A normal form describes a simultaneous, finite game using matrix representation. The word „game“ is taken from the game theory which studies how to solve decision problems between participants of the game, most often between people.
Player 1/Player 2 | action 1 | action 2 |
action 1 | 1, 1 | 2, 2 |
action 2 | 3, 3 | 4, 4 |
The matrix representation give us a good view to the game so we can describe a game clearly.
A synonym for a normal form is „a strategic form“, because such a form describes strategies used in the game. Think “normal form” and “strategic form” as synonyms. You can use both terms interchangeably.
Tip: If you're unsure about terms I've just used (game, simultaneous, game theory and other weird words), you should skip directly to Terminology section and then come back. Don't be ashamed. Also, take a look at References and resources.
What is not a Normal form?
To be clear, a normal form is just a matrix representation of a game, nothing more.
Normal form is not a game itself.
Also, normal form is not a solution of a game. To solve a game the Nash Equilibrium can be used. The Nash Equilibrium is applied on the table and then results of the game are represented easily.
So a normal form displays assignment, progress and also a result of a game for each player who's playing the game.
Why a table?
Table is a simple thing to draw and to understand. Everyone knows and understands tables. If you put numbers into a table you can apply mathematical/statistical operations on them – for example add, subtract, average, sum and so on. Rows of a table can compete with columns.
So a table is a perfect solution to represent „a battle“ between players and their strategies.
What does „a table“ mean?
Every table has columns and rows. For a normal form table, rows represent all possible actions (we call them strategy profiles) for player 1 and columns represent all possible actions for player 2. A strategy is a set of all steps (strategy profiles).
We try to solve a decision problem between players by selecting the best strategy (how a player should behave to maximize his profit). Each player's decisions compete between other player's decisions. So options for a decision for both players would be the same. In each cell we see 2 numbers. A cell represents crossing of profiles (think decisions) for each player and the result is called a payoff (an outcome). A payoff means what each player is going to get (earn) from the game. So we can think the pair as „a battle“ of two numbers (decisions).

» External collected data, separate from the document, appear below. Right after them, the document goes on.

(* Let $p>0$ and let $f$ be twice continuously differentiable on $[0,p]$, such that $f'''$ exists and is bounded in a neighborhood of $s=0$. Then, as $b\to 0^+$, $$\int_0^p f(s)\left(\sqrt{s^2+b^2}-s\right)ds=-\frac{f(0)}{2}\,b^2\ln b+\left(\frac{f(0)}{4}+\frac{f(0)\ln 2}{2}+\frac{f(p)\ln p}{2}-\frac12\int_0^p f'(s)\ln s\,ds\right)b^2+O(b^3).$$ *)

theory Defs
  imports "HOL-Analysis.Analysis" "HOL-Library.Landau_Symbols"
begin

end

theory Submission
  imports Defs "HOL-Real_Asymp.Real_Asymp"
begin

text \<open>
  With r = sqrt (s^2 + b^2), the kernel r - s has explicit primitives G1 = gap_primitive b and
  G2 = gap_primitive2 b in s, normalised by G2(0) = 0. Integrating by parts twice,
    int_0^p f (r - s) = [f G1 - f' G2]_0^p + int_0^p f'' G2,
  and G1(0) = b^2 ln b / 2 produces the b^2 ln b term. For s > 0, G1(s) equals
  b^2 (c + ln s / 2) up to b^3 / (2 s), and uniformly in s >= 0, G2(s) equals
  b^2 (c s + (s ln s - s) / 2) up to b^3, where c = 1/4 + ln 2 / 2. Replacing G1 and G2 by
  these leading parts and undoing the two integrations by parts (Taylor's formula for f(0), and
  int_0^p f' ln s = f'(p) (p ln p - p) - int_0^p f'' (s ln s - s)) gives exactly the b^2
  coefficient, and the remaining error is O(b^3) since f'' is bounded on [0, p].
\<close>

definition gap_primitive :: "real \<Rightarrow> real \<Rightarrow> real" where
  "gap_primitive b s = (s * sqrt (s\<^sup>2 + b\<^sup>2) - s\<^sup>2 + b\<^sup>2 * ln (s + sqrt (s\<^sup>2 + b\<^sup>2))) / 2"

definition gap_primitive2 :: "real \<Rightarrow> real \<Rightarrow> real" where
  "gap_primitive2 b s = ((s\<^sup>2 - 2 * b\<^sup>2) * sqrt (s\<^sup>2 + b\<^sup>2) - s ^ 3
     + 3 * b\<^sup>2 * s * ln (s + sqrt (s\<^sup>2 + b\<^sup>2)) + 2 * b ^ 3) / 6"

lemma abs_less_sqrt_sum_squares:
  fixes b s :: real assumes "b \<noteq> 0"
  shows "\<bar>s\<bar> < sqrt (s\<^sup>2 + b\<^sup>2)"
proof -
  have "sqrt (s\<^sup>2) < sqrt (s\<^sup>2 + b\<^sup>2)" using assms by (intro real_sqrt_less_mono) simp
  then show ?thesis by simp
qed

lemma has_real_derivative_sqrt_sum_squares:
  fixes b s :: real assumes "b \<noteq> 0"
  shows "((\<lambda>s. sqrt (s\<^sup>2 + b\<^sup>2)) has_real_derivative s / sqrt (s\<^sup>2 + b\<^sup>2)) (at s)"
proof -
  have "0 < s\<^sup>2 + b\<^sup>2" using assms by (simp add: sum_power2_gt_zero_iff)
  then show ?thesis by (auto intro!: derivative_eq_intros simp: field_simps)
qed

lemma has_real_derivative_ln_add_sqrt_sum_squares:
  fixes b s :: real assumes "b \<noteq> 0"
  shows "((\<lambda>s. ln (s + sqrt (s\<^sup>2 + b\<^sup>2))) has_real_derivative 1 / sqrt (s\<^sup>2 + b\<^sup>2)) (at s)"
proof -
  define R where "R = (\<lambda>s. sqrt (s\<^sup>2 + b\<^sup>2))"
  have dR: "(R has_real_derivative t / R t) (at t)" for t
    unfolding R_def by (rule has_real_derivative_sqrt_sum_squares[OF assms])
  have "\<bar>s\<bar> < R s" unfolding R_def by (rule abs_less_sqrt_sum_squares[OF assms])
  then have pos: "0 < R s" "0 < s + R s" by linarith+
  have "((\<lambda>s. ln (s + R s)) has_real_derivative (1 + s / R s) / (s + R s)) (at s)"
    using pos by (auto intro!: derivative_eq_intros dR)
  also have "1 + s / R s = (s + R s) / R s" using pos by (simp add: field_simps)
  finally show ?thesis using pos unfolding R_def by simp
qed

lemma has_real_derivative_gap_primitive:
  fixes b s :: real assumes "b \<noteq> 0"
  shows "(gap_primitive b has_real_derivative sqrt (s\<^sup>2 + b\<^sup>2) - s) (at s)"
proof -
  define R where "R = (\<lambda>s. sqrt (s\<^sup>2 + b\<^sup>2))"
  define L where "L = (\<lambda>s. ln (s + R s))"
  have dR: "(R has_real_derivative t / R t) (at t)" for t
    unfolding R_def by (rule has_real_derivative_sqrt_sum_squares[OF assms])
  have dL: "(L has_real_derivative 1 / R t) (at t)" for t
    unfolding L_def R_def by (rule has_real_derivative_ln_add_sqrt_sum_squares[OF assms])
  have "0 < s\<^sup>2 + b\<^sup>2" using assms by (simp add: sum_power2_gt_zero_iff)
  then have R: "0 < R s" "(s\<^sup>2 + b\<^sup>2) / R s = R s" by (simp_all add: R_def real_div_sqrt)
  have "((\<lambda>s. (s * R s - s\<^sup>2 + b\<^sup>2 * L s) / 2) has_real_derivative
      (R s + (s\<^sup>2 + b\<^sup>2) / R s - 2 * s) / 2) (at s)"
    using R(1) by (auto intro!: derivative_eq_intros dR dL simp: field_simps power2_eq_square)
  also have "(R s + (s\<^sup>2 + b\<^sup>2) / R s - 2 * s) / 2 = R s - s" unfolding R(2) by simp
  finally show ?thesis unfolding gap_primitive_def L_def R_def .
qed

lemma has_real_derivative_gap_primitive2:
  fixes b s :: real assumes "b \<noteq> 0"
  shows "(gap_primitive2 b has_real_derivative gap_primitive b s) (at s)"
proof -
  define R where "R = (\<lambda>s. sqrt (s\<^sup>2 + b\<^sup>2))"
  define L where "L = (\<lambda>s. ln (s + R s))"
  have dR: "(R has_real_derivative t / R t) (at t)" for t
    unfolding R_def by (rule has_real_derivative_sqrt_sum_squares[OF assms])
  have dL: "(L has_real_derivative 1 / R t) (at t)" for t
    unfolding L_def R_def by (rule has_real_derivative_ln_add_sqrt_sum_squares[OF assms])
  have "0 < s\<^sup>2 + b\<^sup>2" using assms by (simp add: sum_power2_gt_zero_iff)
  then have R: "0 < R s" "(s\<^sup>2 + b\<^sup>2) / R s = R s" by (simp_all add: R_def real_div_sqrt)
  have "((\<lambda>s. ((s\<^sup>2 - 2 * b\<^sup>2) * R s - s ^ 3 + 3 * b\<^sup>2 * s * L s + 2 * b ^ 3) / 6)
      has_real_derivative (2 * s * R s + s * ((s\<^sup>2 + b\<^sup>2) / R s) - 3 * s\<^sup>2 + 3 * b\<^sup>2 * L s) / 6) (at s)"
    using R(1) by (auto intro!: derivative_eq_intros dR dL simp: field_simps)
  also have "(2 * s * R s + s * ((s\<^sup>2 + b\<^sup>2) / R s) - 3 * s\<^sup>2 + 3 * b\<^sup>2 * L s) / 6
      = (s * R s - s\<^sup>2 + b\<^sup>2 * L s) / 2"
    unfolding R(2) by simp
  finally show ?thesis unfolding gap_primitive2_def gap_primitive_def L_def R_def .
qed

lemma gap_primitive_zero:
  fixes b :: real assumes "0 < b"
  shows "gap_primitive b 0 = b\<^sup>2 * ln b / 2"
  using assms unfolding gap_primitive_def by simp

lemma gap_primitive2_zero:
  fixes b :: real assumes "0 \<le> b"
  shows "gap_primitive2 b 0 = 0"
  using assms by (simp add: gap_primitive2_def power3_eq_cube power2_eq_square)

lemma sqrt_sum_squares_minus_le:
  fixes b s :: real assumes "0 \<le> s" "0 \<le> b"
  shows "sqrt (s\<^sup>2 + b\<^sup>2) - s \<le> b"
proof -
  have "sqrt (s\<^sup>2 + b\<^sup>2) \<le> s + b"
    using assms by (intro real_le_lsqrt) (auto simp: power2_eq_square algebra_simps)
  then show ?thesis by simp
qed

lemma mult_sqrt_sum_squares_minus_le:
  fixes b s :: real assumes "0 \<le> s"
  shows "s * (sqrt (s\<^sup>2 + b\<^sup>2) - s) \<le> b\<^sup>2"
proof -
  define r where "r = sqrt (s\<^sup>2 + b\<^sup>2)"
  have "s \<le> r" unfolding r_def by (rule real_le_rsqrt) simp
  then have "s * (r - s) \<le> (r + s) * (r - s)" using assms by (intro mult_right_mono) auto
  also have "\<dots> = b\<^sup>2" by (simp add: r_def algebra_simps power2_eq_square)
  finally show ?thesis unfolding r_def .
qed

lemma ln_add_sqrt_sum_squares_bounds:
  fixes b s :: real assumes "0 < s" "0 \<le> b"
  shows "0 \<le> ln (s + sqrt (s\<^sup>2 + b\<^sup>2)) - ln (2 * s)"
    and "ln (s + sqrt (s\<^sup>2 + b\<^sup>2)) - ln (2 * s) \<le> b / (2 * s)"
proof -
  define r where "r = sqrt (s\<^sup>2 + b\<^sup>2)"
  have "s \<le> r" unfolding r_def by (rule real_le_rsqrt) simp
  then have ge1: "1 \<le> (s + r) / (2 * s)" using assms by simp
  have eq: "ln (s + r) - ln (2 * s) = ln ((s + r) / (2 * s))"
    using assms \<open>s \<le> r\<close> by (simp add: ln_div)
  show "0 \<le> ln (s + sqrt (s\<^sup>2 + b\<^sup>2)) - ln (2 * s)"
    using ge1 unfolding r_def[symmetric] eq by simp
  have "ln ((s + r) / (2 * s)) \<le> (s + r) / (2 * s) - 1"
    using ge1 by (intro ln_le_minus_one) simp
  also have "\<dots> = (r - s) / (2 * s)" using assms by (simp add: field_simps)
  also have "\<dots> \<le> b / (2 * s)"
    using sqrt_sum_squares_minus_le[of s b] assms by (simp add: r_def divide_right_mono)
  finally show "ln (s + sqrt (s\<^sup>2 + b\<^sup>2)) - ln (2 * s) \<le> b / (2 * s)"
    unfolding r_def[symmetric] eq .
qed

lemma gap_primitive_approx:
  fixes b s :: real assumes b: "0 < b" and s: "0 < s"
  shows "\<bar>gap_primitive b s - b\<^sup>2 * (1/4 + ln 2 / 2 + ln s / 2)\<bar> \<le> b ^ 3 / (2 * s)"
proof -
  define r where "r = sqrt (s\<^sup>2 + b\<^sup>2)"
  have r2: "r\<^sup>2 = s\<^sup>2 + b\<^sup>2" by (simp add: r_def)
  have "s \<le> r" unfolding r_def by (rule real_le_rsqrt) simp
  define D where "D = (s * r - s\<^sup>2) / 2 - b\<^sup>2 / 4"
  define B where "B = b\<^sup>2 / 2 * (ln (s + r) - ln (2 * s))"
  have split: "gap_primitive b s - b\<^sup>2 * (1/4 + ln 2 / 2 + ln s / 2) = D + B"
    unfolding gap_primitive_def D_def B_def r_def[symmetric] using s by (simp add: ln_mult field_simps)
  have D_eq: "D * (4 * (r + s)) = - (b\<^sup>2 * (r - s))" unfolding D_def using r2 by algebra
  have "\<bar>D\<bar> * (4 * s) \<le> \<bar>D\<bar> * (4 * (r + s))"
    using \<open>s \<le> r\<close> s by (intro mult_left_mono) auto
  also have "\<dots> = \<bar>D * (4 * (r + s))\<bar>" using s \<open>s \<le> r\<close> by (simp add: abs_mult)
  also have "\<dots> = b\<^sup>2 * (r - s)" unfolding D_eq using \<open>s \<le> r\<close> by (simp add: abs_mult)
  also have "\<dots> \<le> b\<^sup>2 * b"
    using sqrt_sum_squares_minus_le[of s b] s b by (intro mult_left_mono) (auto simp: r_def)
  finally have D: "\<bar>D\<bar> \<le> b ^ 3 / (4 * s)"
    using s by (simp add: field_simps power2_eq_square power3_eq_cube)
  have L: "0 \<le> ln (s + r) - ln (2 * s)" "ln (s + r) - ln (2 * s) \<le> b / (2 * s)"
    using ln_add_sqrt_sum_squares_bounds[OF s, of b] b by (simp_all add: r_def)
  have "B \<le> b\<^sup>2 / 2 * (b / (2 * s))" unfolding B_def using L by (intro mult_left_mono) auto
  also have "\<dots> = b ^ 3 / (4 * s)" using s by (simp add: field_simps power2_eq_square power3_eq_cube)
  finally have B: "0 \<le> B" "B \<le> b ^ 3 / (4 * s)" unfolding B_def using L by simp_all
  have "b ^ 3 / (4 * s) + b ^ 3 / (4 * s) = b ^ 3 / (2 * s)" by simp
  then show ?thesis unfolding split using D B by linarith
qed

definition gap_primitive2_remainder :: "real \<Rightarrow> real \<Rightarrow> real" where
  "gap_primitive2_remainder b s = gap_primitive2 b s - b\<^sup>2 * ((1/4 + ln 2 / 2) * s + (s * ln s - s) / 2)"

lemma gap_primitive2_remainder_bound:
  fixes b s :: real assumes b: "0 < b" and s: "0 \<le> s"
  shows "\<bar>gap_primitive2_remainder b s\<bar> \<le> b ^ 3"
proof (cases "s = 0")
  case True
  then show ?thesis using b by (simp add: gap_primitive2_remainder_def gap_primitive2_zero)
next
  case False
  with s have s: "0 < s" by simp
  define r where "r = sqrt (s\<^sup>2 + b\<^sup>2)"
  have r2: "r\<^sup>2 = s\<^sup>2 + b\<^sup>2" by (simp add: r_def)
  have "s \<le> r" "b \<le> r" unfolding r_def by (rule real_le_rsqrt, simp)+
  define A where "A = ((s\<^sup>2 - 2 * b\<^sup>2) * r - s ^ 3) / 6 + b\<^sup>2 * s / 4"
  define B where "B = b\<^sup>2 * s / 2 * (ln (s + r) - ln (2 * s))"
  have split: "gap_primitive2_remainder b s = A + b ^ 3 / 3 + B"
    unfolding gap_primitive2_remainder_def gap_primitive2_def A_def B_def r_def[symmetric] using s by (simp add: ln_mult field_simps)
  have A_eq: "A * (6 * (r + s)) = b\<^sup>2 * (s * (s - r) / 2 - 2 * b\<^sup>2)"
    unfolding A_def using r2 by algebra
  have A_factor: "\<bar>s * (s - r) / 2 - 2 * b\<^sup>2\<bar> \<le> 5/2 * b\<^sup>2"
  proof -
    have "0 \<le> s * (r - s)" "s * (r - s) \<le> b\<^sup>2"
      using s \<open>s \<le> r\<close> mult_sqrt_sum_squares_minus_le[of s b] by (simp_all add: r_def)
    moreover have "s * (s - r) = - (s * (r - s))" by (simp add: algebra_simps)
    ultimately show ?thesis unfolding abs_le_iff by linarith
  qed
  have "\<bar>A\<bar> * (6 * b) \<le> \<bar>A\<bar> * (6 * (r + s))"
    using \<open>b \<le> r\<close> s by (intro mult_left_mono) auto
  also have "\<dots> = \<bar>A * (6 * (r + s))\<bar>" using s \<open>s \<le> r\<close> by (simp add: abs_mult)
  also have "\<dots> = b\<^sup>2 * \<bar>s * (s - r) / 2 - 2 * b\<^sup>2\<bar>" unfolding A_eq by (simp add: abs_mult)
  also have "\<dots> \<le> b\<^sup>2 * (5/2 * b\<^sup>2)" using A_factor by (intro mult_left_mono) auto
  finally have A: "\<bar>A\<bar> \<le> 5/12 * b ^ 3"
    using b by (simp add: field_simps power2_eq_square power3_eq_cube)
  have L: "0 \<le> ln (s + r) - ln (2 * s)" "ln (s + r) - ln (2 * s) \<le> b / (2 * s)"
    using ln_add_sqrt_sum_squares_bounds[OF s, of b] b by (simp_all add: r_def)
  have "B \<le> b\<^sup>2 * s / 2 * (b / (2 * s))" unfolding B_def using L s by (intro mult_left_mono) auto
  also have "\<dots> = b ^ 3 / 4" using s by (simp add: field_simps power2_eq_square power3_eq_cube)
  finally have B: "0 \<le> B" "B \<le> b ^ 3 / 4" unfolding B_def using L s by simp_all
  have "0 < b ^ 3" using b by simp
  then show ?thesis unfolding split abs_le_iff using A B by linarith
qed

lemma continuous_on_mult_ln_minus_self:
  "continuous_on {0..} (\<lambda>s::real. s * ln s - s)"
  unfolding continuous_on_eq_continuous_within
proof
  fix x :: real assume "x \<in> {0..}"
  show "continuous (at x within {0..}) (\<lambda>s. s * ln s - s)"
  proof (cases "x = 0")
    case True
    have "((\<lambda>s::real. s * ln s - s) \<longlongrightarrow> 0) (at_right 0)" by real_asymp
    then show ?thesis using True by (simp add: continuous_within at_within_Ici_at_right)
  next
    case False
    with \<open>x \<in> {0..}\<close> have "0 < x" by simp
    then have "isCont (\<lambda>s. s * ln s - s) x" by (auto intro!: continuous_intros)
    then show ?thesis by (rule continuous_at_imp_continuous_within)
  qed
qed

Depends on a strategy, we're trying to find, „the better“ number. The better is the higher or the lower.
Player 1/Player 2 | a strategy profile A | a strategy profile B |
a strategy profile A | 1, 2 | 3, 4 |
a strategy profile B | 5, 6 | 1, 8 |
For example, in the Prisoner's Dilemma problem, numbers can represent how many years each prisoner will stay in jail (the lower is the better) or how high is a utility (the higher is the better). Typically, the problem is formulated such that we're looking for the higher numbers. In such a way, the numbers could be comparable without any awareness. Everyone thinks that the bigger is the better.
If we're interested in a payoff for 1 player only (and ignore a payoff for the second player) the payoff can be just one number.
Player 1/Player 2 | a strategy profile A | a strategy profile B |
a strategy profile A | 1 | 3 |
a strategy profile B | 5 | 8 |
This is the way of Adam Smith's and his Invisible hand of the market [8]. For all time you would get the best profit ignoring the other's profit and the market will take care of itself. You can't apply the Nash equilibrium on this table.
Another thing that is very important is that every table has a finite number of rows and columns. Keep it in mind and keep reading.
Definition of Normal form
Could you imagine an infinite table? Such a table should have unlimited number of rows or columns. This table can be hardly drawn. To draw any table you have to know how many rows and columns you are going to draw. So the table has to be „finite“.
Because the table is finite it can represents just finite games. These games have finite number of players and each player has a finite number of strategies.
Then, the definition of a normal form is following [7].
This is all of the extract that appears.